» **About this exercise**
The answer must consist of every line from the entries that holds the word "carrier".

::::::::

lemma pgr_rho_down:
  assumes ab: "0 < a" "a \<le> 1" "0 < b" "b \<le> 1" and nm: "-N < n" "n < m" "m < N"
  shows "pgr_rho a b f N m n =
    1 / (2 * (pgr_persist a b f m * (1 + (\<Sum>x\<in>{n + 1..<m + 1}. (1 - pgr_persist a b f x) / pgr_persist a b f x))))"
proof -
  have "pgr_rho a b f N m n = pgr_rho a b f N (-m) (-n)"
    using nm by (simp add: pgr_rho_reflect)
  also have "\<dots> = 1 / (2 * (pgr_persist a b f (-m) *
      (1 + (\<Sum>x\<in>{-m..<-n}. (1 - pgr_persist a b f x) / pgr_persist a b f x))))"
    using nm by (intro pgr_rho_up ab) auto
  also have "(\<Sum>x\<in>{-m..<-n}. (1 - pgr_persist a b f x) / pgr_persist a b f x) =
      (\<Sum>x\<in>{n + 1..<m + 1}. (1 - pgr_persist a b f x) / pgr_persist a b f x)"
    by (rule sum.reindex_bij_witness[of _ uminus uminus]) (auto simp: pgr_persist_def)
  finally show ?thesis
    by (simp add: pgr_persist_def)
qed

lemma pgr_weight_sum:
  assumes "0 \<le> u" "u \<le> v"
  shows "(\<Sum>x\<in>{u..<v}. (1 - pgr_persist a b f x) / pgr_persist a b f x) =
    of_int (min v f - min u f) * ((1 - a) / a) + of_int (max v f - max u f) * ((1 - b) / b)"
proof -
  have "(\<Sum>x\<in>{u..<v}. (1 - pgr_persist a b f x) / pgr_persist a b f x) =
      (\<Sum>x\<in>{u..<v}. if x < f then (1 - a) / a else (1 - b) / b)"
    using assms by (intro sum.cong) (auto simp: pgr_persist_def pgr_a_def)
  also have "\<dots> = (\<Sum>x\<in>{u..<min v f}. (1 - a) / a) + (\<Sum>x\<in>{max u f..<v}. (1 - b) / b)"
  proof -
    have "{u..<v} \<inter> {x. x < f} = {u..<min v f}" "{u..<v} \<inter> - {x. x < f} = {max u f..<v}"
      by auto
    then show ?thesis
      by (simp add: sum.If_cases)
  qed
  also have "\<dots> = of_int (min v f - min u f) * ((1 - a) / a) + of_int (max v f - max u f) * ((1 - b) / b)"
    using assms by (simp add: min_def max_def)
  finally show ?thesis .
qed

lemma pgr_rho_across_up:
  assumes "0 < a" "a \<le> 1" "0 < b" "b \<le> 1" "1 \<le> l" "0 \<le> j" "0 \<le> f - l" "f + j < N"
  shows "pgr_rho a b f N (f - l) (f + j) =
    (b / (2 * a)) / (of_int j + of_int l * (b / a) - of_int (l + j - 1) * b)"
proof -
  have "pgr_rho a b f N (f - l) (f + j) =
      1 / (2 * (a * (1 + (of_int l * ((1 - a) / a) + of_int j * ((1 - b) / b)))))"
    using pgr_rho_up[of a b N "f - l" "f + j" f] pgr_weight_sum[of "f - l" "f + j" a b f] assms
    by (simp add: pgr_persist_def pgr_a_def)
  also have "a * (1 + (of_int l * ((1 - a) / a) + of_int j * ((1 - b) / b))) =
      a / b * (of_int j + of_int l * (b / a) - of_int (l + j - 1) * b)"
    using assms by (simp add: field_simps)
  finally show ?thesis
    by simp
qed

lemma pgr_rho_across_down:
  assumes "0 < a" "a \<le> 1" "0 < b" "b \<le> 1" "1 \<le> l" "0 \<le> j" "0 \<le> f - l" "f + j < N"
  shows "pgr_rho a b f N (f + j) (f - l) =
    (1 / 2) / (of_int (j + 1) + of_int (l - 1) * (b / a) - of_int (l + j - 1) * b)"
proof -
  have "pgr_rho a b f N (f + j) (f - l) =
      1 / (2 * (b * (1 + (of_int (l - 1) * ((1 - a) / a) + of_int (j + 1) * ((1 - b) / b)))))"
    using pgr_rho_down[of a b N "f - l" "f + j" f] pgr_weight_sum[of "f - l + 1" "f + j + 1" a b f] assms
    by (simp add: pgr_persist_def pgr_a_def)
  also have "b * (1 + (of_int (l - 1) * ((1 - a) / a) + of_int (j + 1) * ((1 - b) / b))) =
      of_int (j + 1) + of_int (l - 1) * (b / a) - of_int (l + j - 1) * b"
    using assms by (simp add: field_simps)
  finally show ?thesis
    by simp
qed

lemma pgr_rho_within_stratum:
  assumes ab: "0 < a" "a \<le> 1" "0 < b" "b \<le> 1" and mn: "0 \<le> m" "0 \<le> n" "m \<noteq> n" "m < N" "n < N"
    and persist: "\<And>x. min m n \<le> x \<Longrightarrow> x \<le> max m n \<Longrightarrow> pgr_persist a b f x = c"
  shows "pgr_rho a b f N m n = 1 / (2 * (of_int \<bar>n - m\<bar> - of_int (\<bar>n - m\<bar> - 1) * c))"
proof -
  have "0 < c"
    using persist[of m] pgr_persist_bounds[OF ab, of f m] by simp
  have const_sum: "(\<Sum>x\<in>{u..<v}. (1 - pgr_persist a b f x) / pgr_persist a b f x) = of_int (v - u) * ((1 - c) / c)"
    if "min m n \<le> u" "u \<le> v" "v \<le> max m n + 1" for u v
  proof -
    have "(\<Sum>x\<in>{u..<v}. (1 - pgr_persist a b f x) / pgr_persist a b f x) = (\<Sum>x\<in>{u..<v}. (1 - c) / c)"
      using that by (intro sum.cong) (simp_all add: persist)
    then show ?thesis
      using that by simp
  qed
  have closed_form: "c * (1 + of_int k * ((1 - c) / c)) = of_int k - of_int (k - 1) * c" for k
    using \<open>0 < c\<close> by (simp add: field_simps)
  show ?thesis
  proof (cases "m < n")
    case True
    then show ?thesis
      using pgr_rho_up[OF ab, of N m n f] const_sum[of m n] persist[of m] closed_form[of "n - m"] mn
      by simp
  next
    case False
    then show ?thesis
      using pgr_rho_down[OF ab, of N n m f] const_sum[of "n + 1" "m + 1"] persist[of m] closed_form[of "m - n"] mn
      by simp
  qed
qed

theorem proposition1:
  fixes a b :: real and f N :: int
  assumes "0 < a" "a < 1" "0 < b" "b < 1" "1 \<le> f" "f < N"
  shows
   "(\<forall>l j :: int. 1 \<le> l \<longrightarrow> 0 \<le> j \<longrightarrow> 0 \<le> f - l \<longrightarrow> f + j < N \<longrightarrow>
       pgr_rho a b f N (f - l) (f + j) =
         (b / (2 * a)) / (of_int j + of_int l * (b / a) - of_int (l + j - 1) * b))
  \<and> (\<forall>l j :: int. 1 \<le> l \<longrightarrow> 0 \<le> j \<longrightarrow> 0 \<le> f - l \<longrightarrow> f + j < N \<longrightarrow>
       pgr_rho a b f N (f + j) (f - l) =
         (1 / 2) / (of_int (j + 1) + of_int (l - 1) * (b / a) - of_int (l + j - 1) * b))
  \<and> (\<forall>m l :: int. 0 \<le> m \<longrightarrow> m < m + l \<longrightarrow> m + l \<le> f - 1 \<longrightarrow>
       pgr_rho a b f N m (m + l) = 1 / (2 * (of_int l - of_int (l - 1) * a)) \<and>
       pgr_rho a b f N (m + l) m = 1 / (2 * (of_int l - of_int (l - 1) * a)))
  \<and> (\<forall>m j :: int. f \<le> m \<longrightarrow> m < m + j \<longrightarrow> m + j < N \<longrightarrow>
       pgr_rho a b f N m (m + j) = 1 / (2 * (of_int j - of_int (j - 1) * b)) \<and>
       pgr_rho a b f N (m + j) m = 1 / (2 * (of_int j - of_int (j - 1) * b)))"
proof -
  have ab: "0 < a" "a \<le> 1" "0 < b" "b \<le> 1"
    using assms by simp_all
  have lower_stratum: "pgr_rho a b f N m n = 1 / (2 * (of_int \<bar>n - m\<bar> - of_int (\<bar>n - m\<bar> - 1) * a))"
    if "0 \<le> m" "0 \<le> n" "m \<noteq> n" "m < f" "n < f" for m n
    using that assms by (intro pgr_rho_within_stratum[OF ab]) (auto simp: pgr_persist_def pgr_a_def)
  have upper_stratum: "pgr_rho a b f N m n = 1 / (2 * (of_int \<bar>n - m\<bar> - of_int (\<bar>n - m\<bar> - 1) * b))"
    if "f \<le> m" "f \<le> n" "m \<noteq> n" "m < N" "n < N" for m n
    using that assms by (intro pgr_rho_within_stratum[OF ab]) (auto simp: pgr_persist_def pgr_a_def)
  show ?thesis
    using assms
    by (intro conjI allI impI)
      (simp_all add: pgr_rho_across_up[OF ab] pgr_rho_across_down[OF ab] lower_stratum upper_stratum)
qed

::::::::

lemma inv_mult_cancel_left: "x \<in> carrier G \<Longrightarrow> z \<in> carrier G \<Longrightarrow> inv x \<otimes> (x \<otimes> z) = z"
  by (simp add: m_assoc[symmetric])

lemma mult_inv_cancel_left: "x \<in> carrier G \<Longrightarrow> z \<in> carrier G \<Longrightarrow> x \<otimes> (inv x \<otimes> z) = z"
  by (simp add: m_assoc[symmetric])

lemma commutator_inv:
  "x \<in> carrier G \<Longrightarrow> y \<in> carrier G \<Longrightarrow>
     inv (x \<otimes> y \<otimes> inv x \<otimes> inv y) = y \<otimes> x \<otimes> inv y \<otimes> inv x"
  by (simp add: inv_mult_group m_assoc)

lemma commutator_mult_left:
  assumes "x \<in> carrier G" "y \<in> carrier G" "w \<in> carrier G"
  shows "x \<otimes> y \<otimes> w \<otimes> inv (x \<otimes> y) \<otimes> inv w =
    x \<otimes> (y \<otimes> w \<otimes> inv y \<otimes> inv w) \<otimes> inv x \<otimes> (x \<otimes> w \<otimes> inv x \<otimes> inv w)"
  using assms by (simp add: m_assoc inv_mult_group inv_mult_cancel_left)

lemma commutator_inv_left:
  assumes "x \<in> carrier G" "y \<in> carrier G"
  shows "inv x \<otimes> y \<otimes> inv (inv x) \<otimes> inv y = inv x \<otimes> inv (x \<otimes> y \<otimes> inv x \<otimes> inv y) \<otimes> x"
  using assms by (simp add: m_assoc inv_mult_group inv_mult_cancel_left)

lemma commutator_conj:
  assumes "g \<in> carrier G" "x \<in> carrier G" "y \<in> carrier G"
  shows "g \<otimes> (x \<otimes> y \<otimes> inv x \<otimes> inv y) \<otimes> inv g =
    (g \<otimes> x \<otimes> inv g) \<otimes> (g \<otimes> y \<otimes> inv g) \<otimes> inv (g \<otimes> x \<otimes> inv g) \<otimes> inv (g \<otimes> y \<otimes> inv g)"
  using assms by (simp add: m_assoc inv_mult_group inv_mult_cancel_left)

::::::::

» **Response to the exercise**
lemma inv_mult_cancel_left: "x \<in> carrier G \<Longrightarrow> z \<in> carrier G \<Longrightarrow> inv x \<otimes> (x \<otimes> z) = z"
lemma mult_inv_cancel_left: "x \<in> carrier G \<Longrightarrow> z \<in> carrier G \<Longrightarrow> x \<otimes> (inv x \<otimes> z) = z"
  "x \<in> carrier G \<Longrightarrow> y \<in> carrier G \<Longrightarrow>
  assumes "x \<in> carrier G" "y \<in> carrier G" "w \<in> carrier G"
  assumes "x \<in> carrier G" "y \<in> carrier G"
  assumes "g \<in> carrier G" "x \<in> carrier G" "y \<in> carrier G"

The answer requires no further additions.